• [YOUR ASSIGNMENT] All lines from the first one in the listing below to the one holding "complex) \<Rightarrow> nat", inclusive, are to be copied exactly.

○ ○ ○ ○ ○

(* For each $N\ge1$ (with $h=1/(N+1)$) let $Q_h=[q_{ij}(h)]_{1\le i,j\le N}\in\mathcal M_N(\mathbb{C})$ be tridiagonal ($q_{ij}(h)=0$ if $|i-j|>1$) and assume: (1) $\max_{1\le j\le N}\{|q_{j,j-1}(h)|,|q_{j,j+1}(h)|\}\to0$ as $h\to0$; (2) $\frac1h\max_{1\le j\le N}|q_{j,j-1}(h)+q_{jj}(h)+q_{j,j+1}(h)|\to0$ as $h\to0$. Let $Y_h=[y_j(h)]_{1\le j\le N}$ and $\Theta_h=[\theta_j(h)]_{1\le j\le N}$ be vectors in $\mathbb{C}^N$ for which there is a constant $C>0$, independent of $h$, with $\max\{\langle K_hY_h,Y_h\rangle,\langle K_h\Theta_h,\Theta_h\rangle\}\le C$. Then $\langle Q_hY_h,\Theta_h\rangle\to0$ as $h\to0$.
   Context: $K_h=\frac1h\mathrm{tridiag}(-1,2,-1)\in\mathcal M_N(\mathbb{R})$; $\langle U,W\rangle=\sum_j u_j\overline{w_j}$. In conditions (1)-(2), the symbols $q_{1,0}(h)$ and $q_{N,N+1}(h)$, which are not entries of $Q_h$, denote given complex numbers (e.g. $0$). *)

theory Defs
  imports "HOL-Analysis.Analysis"
begin

text \<open>Vectors in C^N are functions nat => complex, used on indices 1..N;
  N x N matrices are functions nat => nat => complex, used on indices 1..N.
  The mesh size is h = 1/(N+1), so h -> 0 iff N -> infinity.\<close>

definition matvec :: "nat \<Rightarrow> (nat \<Rightarrow> nat \<Rightarrow> complex) \<Rightarrow> (nat \<Rightarrow> complex) \<Rightarrow> nat \<Rightarrow> complex" where
  "matvec N A U i = (\<Sum>k\<in>{1..N}. A i k * U k)"

definition cinnerN :: "nat \<Rightarrow> (nat \<Rightarrow> complex) \<Rightarrow> (nat \<Rightarrow> complex) \<Rightarrow> complex" where
  "cinnerN N U W = (\<Sum>j\<in>{1..N}. U j * cnj (W j))"

text \<open>K_h = (1/h) tridiag(-1,2,-1) with h = 1/(N+1).\<close>
definition Kmat :: "nat \<Rightarrow> nat \<Rightarrow> nat \<Rightarrow> complex" where
  "Kmat N i j = of_nat (N + 1) *
     (if i = j then 2 else if i = j + 1 \<or> j = i + 1 then -1 else 0)"

end

theory Submission
  imports Defs
begin

(* Extend a vector by y_0 = y_(N+1) = 0. Summation by parts gives
   <K_h Y, Y> = (N+1) * sum_(i=0..N) |y_(i+1) - y_i|^2, so by Cauchy-Schwarz the total variation
   sum_(i=0..N) |y_(i+1) - y_i| is at most sqrt C, and hence so is every |y_j|; likewise for Theta.
   Writing the j-th row of Q_h Y as
     s_j y_j + q_(j,j-1) (y_(j-1) - y_j) + q_(j,j+1) (y_(j+1) - y_j),   s_j the j-th row sum,
   the first term contributes at most N * max|s_j| * C and the other two at most
   max(|q_(j,j-1)|, |q_(j,j+1)|) * C each, which tends to 0 by (2) and (1). *)

definition zero_ext :: "nat \<Rightarrow> (nat \<Rightarrow> 'a::zero) \<Rightarrow> nat \<Rightarrow> 'a" where
  "zero_ext N Y k = (if 1 \<le> k \<and> k \<le> N then Y k else 0)"

lemma zero_ext_0 [simp]: "zero_ext N Y 0 = 0"
  and zero_ext_Suc_N [simp]: "zero_ext N Y (Suc N) = 0"
  and zero_ext_eq: "1 \<le> k \<Longrightarrow> k \<le> N \<Longrightarrow> zero_ext N Y k = Y k"
  by (simp_all add: zero_ext_def)

definition tridiagonal :: "nat \<Rightarrow> (nat \<Rightarrow> nat \<Rightarrow> 'a::zero) \<Rightarrow> bool" where
  "tridiagonal N A \<longleftrightarrow> (\<forall>i\<in>{1..N}. \<forall>j\<in>{1..N}. j > i + 1 \<or> i > j + 1 \<longrightarrow> A i j = 0)"

lemma tridiagonalD:
  "tridiagonal N A \<Longrightarrow> 1 \<le> i \<Longrightarrow> i \<le> N \<Longrightarrow> 1 \<le> j \<Longrightarrow> j \<le> N \<Longrightarrow>
     j > i + 1 \<or> i > j + 1 \<Longrightarrow> A i j = 0"
  by (auto simp: tridiagonal_def)

lemma tridiagonal_Kmat: "tridiagonal N (Kmat N)"
  by (auto simp: tridiagonal_def Kmat_def)

lemma matvec_tridiagonal:
  assumes "tridiagonal N A" and i: "1 \<le> i" "i \<le> N"
  shows "matvec N A Y i = A i (i - 1) * zero_ext N Y (i - 1) + A i i * zero_ext N Y i
                          + A i (i + 1) * zero_ext N Y (i + 1)"
proof -
  let ?f = "\<lambda>k. A i k * zero_ext N Y k"
  have "matvec N A Y i = sum ?f {1..N}"
    unfolding matvec_def by (intro sum.cong) (auto simp: zero_ext_eq)
  also have "\<dots> = sum ?f {0..N+1}"
    by (intro sum.mono_neutral_left) (auto simp: zero_ext_def)
  also have "\<dots> = sum ?f {i - 1, i, i + 1}"
    using i
    by (intro sum.mono_neutral_right) (auto simp: zero_ext_def intro!: tridiagonalD[OF assms(1)])
  also have "\<dots> = ?f (i - 1) + ?f i + ?f (i + 1)"
    using i by (cases i) (simp_all add: add.assoc)
  finally show ?thesis .
qed

lemma matvec_Kmat:
  assumes "1 \<le> i" "i \<le> N"
  shows "matvec N (Kmat N) Y i
           = of_nat (N + 1) * (2 * zero_ext N Y i - zero_ext N Y (i - 1) - zero_ext N Y (i + 1))"
  using assms by (simp add: matvec_tridiagonal tridiagonal_Kmat) (simp add: Kmat_def algebra_simps)

lemma sum_second_difference_mult_cnj:
  fixes z :: "nat \<Rightarrow> complex"
  shows "(\<Sum>i=1..n. (2 * z i - z (i - 1) - z (i + 1)) * cnj (z i))
           = (\<Sum>i<n. (z (Suc i) - z i) * cnj (z (Suc i) - z i))
             + (z n - z (n + 1)) * cnj (z n) + (z 1 - z 0) * cnj (z 0)"
  by (induction n) (simp_all add: algebra_simps)

lemma cinnerN_Kmat:
  "cinnerN N (matvec N (Kmat N) Y) Y
     = of_real (real (N + 1) * (\<Sum>i\<le>N. (cmod (zero_ext N Y (Suc i) - zero_ext N Y i))\<^sup>2))"
proof -
  let ?z = "zero_ext N Y"
  have "cinnerN N (matvec N (Kmat N) Y) Y
          = of_nat (N + 1) * (\<Sum>i=1..N. (2 * ?z i - ?z (i - 1) - ?z (i + 1)) * cnj (?z i))"
    unfolding cinnerN_def sum_distrib_left
    by (intro sum.cong) (auto simp: matvec_Kmat zero_ext_eq mult.assoc)
  also have "\<dots> = of_nat (N + 1) * (\<Sum>i\<le>N. (?z (Suc i) - ?z i) * cnj (?z (Suc i) - ?z i))"
    unfolding sum_second_difference_mult_cnj by (simp flip: lessThan_Suc_atMost)
  finally show ?thesis
    by (simp only: of_real_mult of_real_sum complex_norm_square of_real_of_nat_eq)
qed

lemma sum_norm_diff_zero_ext_le_sqrt:
  assumes "Re (cinnerN N (matvec N (Kmat N) Y) Y) \<le> C"
  shows "(\<Sum>i\<le>N. cmod (zero_ext N Y (Suc i) - zero_ext N Y i)) \<le> sqrt C"
proof (rule real_le_rsqrt)
  let ?d = "\<lambda>i. cmod (zero_ext N Y (Suc i) - zero_ext N Y i)"
  have "(\<Sum>i\<le>N. ?d i)\<^sup>2 \<le> (\<Sum>i\<le>N. (?d i)\<^sup>2) * real (N + 1)"
    using sum_squared_le_sum_of_squares[of ?d "{..N}"] by simp
  also have "\<dots> = Re (cinnerN N (matvec N (Kmat N) Y) Y)"
    by (simp add: cinnerN_Kmat)
  finally show "(\<Sum>i\<le>N. ?d i)\<^sup>2 \<le> C"
    using assms by linarith
qed

lemma norm_le_sum_norm_diff:
  fixes z :: "nat \<Rightarrow> 'a::real_normed_vector"
  assumes "z 0 = 0" "j \<le> n"
  shows "norm (z j) \<le> (\<Sum>i<n. norm (z (Suc i) - z i))"
proof -
  have "norm (z j) = norm (\<Sum>i<j. z (Suc i) - z i)"
    using assms(1) by (simp add: sum_lessThan_telescope)
  also have "\<dots> \<le> (\<Sum>i<j. norm (z (Suc i) - z i))"
    by (rule norm_sum)
  also have "\<dots> \<le> (\<Sum>i<n. norm (z (Suc i) - z i))"
    using assms(2) by (intro sum_mono2) auto
  finally show ?thesis .
qed

lemma sum_norm_backward_diff_le:
  fixes z :: "nat \<Rightarrow> 'a::real_normed_vector"
  shows "(\<Sum>j=1..n. norm (z (j - 1) - z j)) \<le> (\<Sum>i\<le>n. norm (z (Suc i) - z i))"
proof -
  have "(\<Sum>j=1..n. norm (z (j - 1) - z j)) = (\<Sum>i<n. norm (z (Suc i) - z i))"
    by (simp add: sum.atLeast1_atMost_eq norm_minus_commute)
  also have "\<dots> \<le> (\<Sum>i\<le>n. norm (z (Suc i) - z i))"
    by (intro sum_mono2) auto
  finally show ?thesis .
qed

lemma sum_norm_forward_diff_le:
  fixes z :: "nat \<Rightarrow> 'a::real_normed_vector"
  shows "(\<Sum>j=1..n. norm (z (j + 1) - z j)) \<le> (\<Sum>i\<le>n. norm (z (Suc i) - z i))"
  unfolding Suc_eq_plus1[symmetric] by (intro sum_mono2) auto

lemma norm_zero_ext_le_sum_norm_diff:
  "cmod (zero_ext N Y j) \<le> (\<Sum>i\<le>N. cmod (zero_ext N Y (Suc i) - zero_ext N Y i))"
proof (cases "j \<le> N")
  case True
  then show ?thesis
    using norm_le_sum_norm_diff[of "zero_ext N Y" j "Suc N"] by (simp add: lessThan_Suc_atMost)
qed (simp add: zero_ext_def sum_nonneg)

lemma norm_sum_mult3_le:
  fixes a b c :: "'i \<Rightarrow> 'a::real_normed_div_algebra"
  assumes "\<And>j. j \<in> S \<Longrightarrow> norm (a j) \<le> A" "\<And>j. j \<in> S \<Longrightarrow> norm (c j) \<le> B"
  shows "norm (\<Sum>j\<in>S. a j * b j * c j) \<le> A * B * (\<Sum>j\<in>S. norm (b j))"
proof -
  have "norm (\<Sum>j\<in>S. a j * b j * c j) \<le> (\<Sum>j\<in>S. norm (a j) * norm (b j) * norm (c j))"
    by (rule order_trans[OF norm_sum]) (simp add: norm_mult)
  also have "\<dots> \<le> (\<Sum>j\<in>S. A * norm (b j) * B)"
    using assms by (intro sum_mono mult_mono)
      (auto intro!: mult_nonneg_nonneg intro: order_trans[OF norm_ge_zero])
  finally show ?thesis
    by (simp add: sum_distrib_left mult_ac)
qed

lemma cinnerN_tridiagonal_eq:
  fixes A :: "nat \<Rightarrow> nat \<Rightarrow> complex"
  assumes "tridiagonal N A"
  shows "cinnerN N (matvec N A Y) \<Theta>
           = (\<Sum>j=1..N. (A j (j - 1) + A j j + A j (j + 1)) * zero_ext N Y j * cnj (\<Theta> j))
             + (\<Sum>j=1..N. A j (j - 1) * (zero_ext N Y (j - 1) - zero_ext N Y j) * cnj (\<Theta> j))
             + (\<Sum>j=1..N. A j (j + 1) * (zero_ext N Y (j + 1) - zero_ext N Y j) * cnj (\<Theta> j))"
  unfolding cinnerN_def sum.distrib[symmetric]
proof (intro sum.cong refl)
  fix j assume "j \<in> {1..N}"
  then have "matvec N A Y j = A j (j - 1) * zero_ext N Y (j - 1) + A j j * zero_ext N Y j
                              + A j (j + 1) * zero_ext N Y (j + 1)"
    using assms by (intro matvec_tridiagonal) auto
  then show "matvec N A Y j * cnj (\<Theta> j)
               = (A j (j - 1) + A j j + A j (j + 1)) * zero_ext N Y j * cnj (\<Theta> j)
                 + A j (j - 1) * (zero_ext N Y (j - 1) - zero_ext N Y j) * cnj (\<Theta> j)
                 + A j (j + 1) * (zero_ext N Y (j + 1) - zero_ext N Y j) * cnj (\<Theta> j)"
    by (simp add: algebra_simps)
qed

lemma norm_cinnerN_tridiagonal_le:
  fixes A :: "nat \<Rightarrow> nat \<Rightarrow> complex"
  assumes "tridiagonal N A"
    and off_diag: "\<And>j. 1 \<le> j \<Longrightarrow> j \<le> N \<Longrightarrow> max (norm (A j (j - 1))) (norm (A j (j + 1))) \<le> M1"
    and row_sum: "\<And>j. 1 \<le> j \<Longrightarrow> j \<le> N \<Longrightarrow> norm (A j (j - 1) + A j j + A j (j + 1)) \<le> M2"
    and "1 \<le> N"
    and energy_Y: "Re (cinnerN N (matvec N (Kmat N) Y) Y) \<le> C"
    and energy_\<Theta>: "Re (cinnerN N (matvec N (Kmat N) \<Theta>) \<Theta>) \<le> C"
  shows "norm (cinnerN N (matvec N A Y) \<Theta>) \<le> C * (real N * M2 + 2 * M1)"
proof -
  let ?z = "zero_ext N Y" and ?K = "sqrt C"
  have var_Y: "(\<Sum>i\<le>N. cmod (?z (Suc i) - ?z i)) \<le> ?K"
    by (rule sum_norm_diff_zero_ext_le_sqrt[OF energy_Y])
  have z_le: "cmod (?z j) \<le> ?K" for j
    using norm_zero_ext_le_sum_norm_diff[of N Y j] var_Y by linarith
  have \<Theta>_le: "cmod (cnj (\<Theta> j)) \<le> ?K" if "j \<in> {1..N}" for j
    using norm_zero_ext_le_sum_norm_diff[of N \<Theta> j] sum_norm_diff_zero_ext_le_sqrt[OF energy_\<Theta>]
      that
    by (simp add: zero_ext_eq)
  have "0 \<le> ?K"
    using z_le[of 0] by simp
  have "0 \<le> M1" "0 \<le> M2"
    using off_diag[of 1] row_sum[of 1] \<open>1 \<le> N\<close> by (auto intro: order_trans[OF norm_ge_zero])
  have sum_z: "(\<Sum>j=1..N. cmod (?z j)) \<le> real N * ?K"
    using sum_mono[of "{1..N}" "\<lambda>j. cmod (?z j)" "\<lambda>_. ?K"] z_le by simp
  have sum_left: "(\<Sum>j=1..N. cmod (?z (j - 1) - ?z j)) \<le> ?K"
    using sum_norm_backward_diff_le[of ?z N] var_Y by linarith
  have sum_right: "(\<Sum>j=1..N. cmod (?z (j + 1) - ?z j)) \<le> ?K"
    using sum_norm_forward_diff_le[of ?z N] var_Y by linarith
  have "norm (cinnerN N (matvec N A Y) \<Theta>)
          \<le> M2 * ?K * (\<Sum>j=1..N. cmod (?z j))
            + M1 * ?K * (\<Sum>j=1..N. cmod (?z (j - 1) - ?z j))
            + M1 * ?K * (\<Sum>j=1..N. cmod (?z (j + 1) - ?z j))"
    unfolding cinnerN_tridiagonal_eq[OF \<open>tridiagonal N A\<close>]
  proof (intro norm_triangle_mono)
    show "norm (\<Sum>j=1..N. (A j (j - 1) + A j j + A j (j + 1)) * ?z j * cnj (\<Theta> j))
            \<le> M2 * ?K * (\<Sum>j=1..N. cmod (?z j))"
      using row_sum \<Theta>_le by (intro norm_sum_mult3_le) auto
    show "norm (\<Sum>j=1..N. A j (j - 1) * (?z (j - 1) - ?z j) * cnj (\<Theta> j))
            \<le> M1 * ?K * (\<Sum>j=1..N. cmod (?z (j - 1) - ?z j))"
      using off_diag \<Theta>_le by (intro norm_sum_mult3_le) auto
    show "norm (\<Sum>j=1..N. A j (j + 1) * (?z (j + 1) - ?z j) * cnj (\<Theta> j))
            \<le> M1 * ?K * (\<Sum>j=1..N. cmod (?z (j + 1) - ?z j))"
      using off_diag \<Theta>_le by (intro norm_sum_mult3_le) auto
  qed
  also have "\<dots> \<le> M2 * ?K * (real N * ?K) + M1 * ?K * ?K + M1 * ?K * ?K"
    using \<open>0 \<le> M1\<close> \<open>0 \<le> M2\<close> \<open>0 \<le> ?K\<close>
    by (intro add_mono mult_left_mono sum_z sum_left sum_right mult_nonneg_nonneg)
  also have "\<dots> = C * (real N * M2 + 2 * M1)"
    using \<open>0 \<le> ?K\<close> by (simp add: algebra_simps)
  finally show ?thesis .
qed

theorem lemma6:
  fixes q :: "nat \<Rightarrow> nat \<Rightarrow> nat \<Rightarrow> complex"
    and Y \<Theta> :: "nat \<Rightarrow> nat \<Rightarrow> complex"
    and C :: real
  assumes tridiag: "\<And>N i j. 1 \<le> i \<Longrightarrow> i \<le> N \<Longrightarrow> 1 \<le> j \<Longrightarrow> j \<le> N \<Longrightarrow>
                       (j > i + 1 \<or> i > j + 1) \<Longrightarrow> q N i j = 0"
    and cond1: "(\<lambda>N. Max ((\<lambda>j. max (norm (q N j (j - 1))) (norm (q N j (j + 1)))) ` {1..N}))
                  \<longlonglongrightarrow> 0"
    and cond2: "(\<lambda>N. real (N + 1) *
                  Max ((\<lambda>j. norm (q N j (j - 1) + q N j j + q N j (j + 1))) ` {1..N}))
                  \<longlonglongrightarrow> 0"
    and Cpos: "C > 0"
    and bound: "\<And>N. N \<ge> 1 \<Longrightarrow>
        max (Re (cinnerN N (matvec N (Kmat N) (Y N)) (Y N)))
            (Re (cinnerN N (matvec N (Kmat N) (\<Theta> N)) (\<Theta> N))) \<le> C"
  shows "(\<lambda>N. cinnerN N (matvec N (q N) (Y N)) (\<Theta> N)) \<longlonglongrightarrow> 0"
proof (rule Lim_null_comparison)
  define M1 where "M1 N = Max ((\<lambda>j. max (norm (q N j (j - 1))) (norm (q N j (j + 1)))) ` {1..N})"
    for N
  define M2 where "M2 N = Max ((\<lambda>j. norm (q N j (j - 1) + q N j j + q N j (j + 1))) ` {1..N})"
    for N
  have "norm (cinnerN N (matvec N (q N) (Y N)) (\<Theta> N)) \<le> C * (real (N + 1) * M2 N + 2 * M1 N)"
    if "1 \<le> N" for N
  proof -
    have off_diag: "max (norm (q N j (j - 1))) (norm (q N j (j + 1))) \<le> M1 N" if "j \<in> {1..N}" for j
      unfolding M1_def using that by (intro Max_ge) auto
    have row_sum: "norm (q N j (j - 1) + q N j j + q N j (j + 1)) \<le> M2 N" if "j \<in> {1..N}" for j
      unfolding M2_def using that by (intro Max_ge) auto
    have "norm (cinnerN N (matvec N (q N) (Y N)) (\<Theta> N)) \<le> C * (real N * M2 N + 2 * M1 N)"
      using bound[OF \<open>1 \<le> N\<close>] off_diag row_sum \<open>1 \<le> N\<close> tridiag
      by (intro norm_cinnerN_tridiagonal_le) (auto simp: tridiagonal_def)
    also have "\<dots> \<le> C * (real (N + 1) * M2 N + 2 * M1 N)"
      using Cpos row_sum[of 1] \<open>1 \<le> N\<close>
      by (intro mult_left_mono add_right_mono mult_right_mono)
        (auto intro: order_trans[OF norm_ge_zero])
    finally show ?thesis .
  qed
  then show "\<forall>\<^sub>F N in sequentially.
               norm (cinnerN N (matvec N (q N) (Y N)) (\<Theta> N)) \<le> C * (real (N + 1) * M2 N + 2 * M1 N)"
    by (intro eventually_sequentiallyI)
  show "(\<lambda>N. C * (real (N + 1) * M2 N + 2 * M1 N)) \<longlonglongrightarrow> 0"
    unfolding M1_def M2_def by (intro tendsto_mult_right_zero tendsto_add_zero cond1 cond2)
qed

end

○ ○ ○ ○ ○

• [ANSWER FOR THIS EXERCISE]
(* For each $N\ge1$ (with $h=1/(N+1)$) let $Q_h=[q_{ij}(h)]_{1\le i,j\le N}\in\mathcal M_N(\mathbb{C})$ be tridiagonal ($q_{ij}(h)=0$ if $|i-j|>1$) and assume: (1) $\max_{1\le j\le N}\{|q_{j,j-1}(h)|,|q_{j,j+1}(h)|\}\to0$ as $h\to0$; (2) $\frac1h\max_{1\le j\le N}|q_{j,j-1}(h)+q_{jj}(h)+q_{j,j+1}(h)|\to0$ as $h\to0$. Let $Y_h=[y_j(h)]_{1\le j\le N}$ and $\Theta_h=[\theta_j(h)]_{1\le j\le N}$ be vectors in $\mathbb{C}^N$ for which there is a constant $C>0$, independent of $h$, with $\max\{\langle K_hY_h,Y_h\rangle,\langle K_h\Theta_h,\Theta_h\rangle\}\le C$. Then $\langle Q_hY_h,\Theta_h\rangle\to0$ as $h\to0$.
   Context: $K_h=\frac1h\mathrm{tridiag}(-1,2,-1)\in\mathcal M_N(\mathbb{R})$; $\langle U,W\rangle=\sum_j u_j\overline{w_j}$. In conditions (1)-(2), the symbols $q_{1,0}(h)$ and $q_{N,N+1}(h)$, which are not entries of $Q_h$, denote given complex numbers (e.g. $0$). *)

theory Defs
  imports "HOL-Analysis.Analysis"
begin

text \<open>Vectors in C^N are functions nat => complex, used on indices 1..N;
  N x N matrices are functions nat => nat => complex, used on indices 1..N.
  The mesh size is h = 1/(N+1), so h -> 0 iff N -> infinity.\<close>

definition matvec :: "nat \<Rightarrow> (nat \<Rightarrow> nat \<Rightarrow> complex) \<Rightarrow> (nat \<Rightarrow> complex) \<Rightarrow> nat \<Rightarrow> complex" where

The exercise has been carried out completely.